Lines with the string "exists" in the data below: report how many there are, and write nothing but the number.
(DATA SECTION begins)
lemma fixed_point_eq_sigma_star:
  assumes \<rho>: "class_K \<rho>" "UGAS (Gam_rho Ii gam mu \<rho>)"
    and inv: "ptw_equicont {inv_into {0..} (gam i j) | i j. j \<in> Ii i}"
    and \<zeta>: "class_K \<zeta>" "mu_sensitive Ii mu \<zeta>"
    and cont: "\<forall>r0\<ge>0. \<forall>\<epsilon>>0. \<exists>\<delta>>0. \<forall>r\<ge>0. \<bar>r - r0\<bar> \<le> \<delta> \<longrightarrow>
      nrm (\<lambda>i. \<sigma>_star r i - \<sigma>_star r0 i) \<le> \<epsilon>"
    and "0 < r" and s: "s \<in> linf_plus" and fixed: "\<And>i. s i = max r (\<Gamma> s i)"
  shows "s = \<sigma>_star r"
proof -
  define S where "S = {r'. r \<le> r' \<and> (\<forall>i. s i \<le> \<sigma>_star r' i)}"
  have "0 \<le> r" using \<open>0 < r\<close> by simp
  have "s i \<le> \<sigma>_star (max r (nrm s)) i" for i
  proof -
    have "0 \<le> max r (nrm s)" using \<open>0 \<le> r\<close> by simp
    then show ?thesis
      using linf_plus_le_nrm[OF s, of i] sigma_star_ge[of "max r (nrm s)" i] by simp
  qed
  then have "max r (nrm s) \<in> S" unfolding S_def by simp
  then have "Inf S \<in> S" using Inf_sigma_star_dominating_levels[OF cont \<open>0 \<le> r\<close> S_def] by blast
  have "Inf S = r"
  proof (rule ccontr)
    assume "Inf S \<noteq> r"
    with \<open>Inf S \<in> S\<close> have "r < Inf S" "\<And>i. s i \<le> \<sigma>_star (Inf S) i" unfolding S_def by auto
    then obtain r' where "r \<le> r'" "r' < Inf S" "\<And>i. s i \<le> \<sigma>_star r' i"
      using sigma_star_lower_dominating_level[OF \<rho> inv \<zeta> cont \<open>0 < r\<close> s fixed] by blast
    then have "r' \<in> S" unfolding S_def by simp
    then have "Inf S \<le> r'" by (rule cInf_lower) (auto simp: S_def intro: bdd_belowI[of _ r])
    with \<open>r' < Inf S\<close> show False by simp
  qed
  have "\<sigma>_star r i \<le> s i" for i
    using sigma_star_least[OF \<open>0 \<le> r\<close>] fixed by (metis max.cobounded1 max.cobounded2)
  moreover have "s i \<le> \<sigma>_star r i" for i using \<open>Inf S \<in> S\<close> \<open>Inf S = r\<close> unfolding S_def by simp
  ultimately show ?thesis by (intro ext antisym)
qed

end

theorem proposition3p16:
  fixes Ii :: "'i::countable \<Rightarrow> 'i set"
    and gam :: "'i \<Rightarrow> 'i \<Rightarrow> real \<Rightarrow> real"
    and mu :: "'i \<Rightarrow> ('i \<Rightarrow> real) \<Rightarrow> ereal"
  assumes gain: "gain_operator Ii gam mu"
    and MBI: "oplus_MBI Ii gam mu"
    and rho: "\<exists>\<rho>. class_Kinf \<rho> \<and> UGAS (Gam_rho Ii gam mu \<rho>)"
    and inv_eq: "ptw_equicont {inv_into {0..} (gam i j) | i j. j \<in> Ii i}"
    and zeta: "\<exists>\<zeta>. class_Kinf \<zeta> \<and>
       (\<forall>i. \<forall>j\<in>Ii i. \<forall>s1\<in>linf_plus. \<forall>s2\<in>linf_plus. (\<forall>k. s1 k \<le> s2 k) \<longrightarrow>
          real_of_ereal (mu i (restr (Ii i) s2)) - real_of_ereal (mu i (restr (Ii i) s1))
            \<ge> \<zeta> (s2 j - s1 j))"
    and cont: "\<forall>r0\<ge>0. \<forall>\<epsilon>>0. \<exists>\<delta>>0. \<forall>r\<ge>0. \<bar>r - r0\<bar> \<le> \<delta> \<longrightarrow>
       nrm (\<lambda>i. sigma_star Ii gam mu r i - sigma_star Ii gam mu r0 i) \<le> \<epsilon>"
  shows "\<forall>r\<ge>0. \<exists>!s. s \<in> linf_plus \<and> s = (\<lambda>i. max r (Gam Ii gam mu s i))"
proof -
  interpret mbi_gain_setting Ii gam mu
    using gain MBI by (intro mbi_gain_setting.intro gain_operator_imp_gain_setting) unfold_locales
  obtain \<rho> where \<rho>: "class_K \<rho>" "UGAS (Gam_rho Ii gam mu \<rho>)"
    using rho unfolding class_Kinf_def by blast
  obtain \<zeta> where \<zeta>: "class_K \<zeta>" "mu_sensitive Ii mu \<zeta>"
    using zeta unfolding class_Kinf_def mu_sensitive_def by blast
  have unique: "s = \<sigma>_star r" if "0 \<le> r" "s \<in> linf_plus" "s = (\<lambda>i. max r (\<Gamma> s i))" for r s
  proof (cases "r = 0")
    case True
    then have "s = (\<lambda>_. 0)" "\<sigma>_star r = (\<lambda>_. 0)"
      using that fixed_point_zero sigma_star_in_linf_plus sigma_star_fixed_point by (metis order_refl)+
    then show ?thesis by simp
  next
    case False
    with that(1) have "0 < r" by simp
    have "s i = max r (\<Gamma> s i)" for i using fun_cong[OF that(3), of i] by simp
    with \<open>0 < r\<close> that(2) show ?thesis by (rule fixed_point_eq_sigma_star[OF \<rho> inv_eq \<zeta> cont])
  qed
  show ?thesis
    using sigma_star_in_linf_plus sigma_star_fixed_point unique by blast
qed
(DATA SECTION ends)
[WRITTEN RESPONSE] 5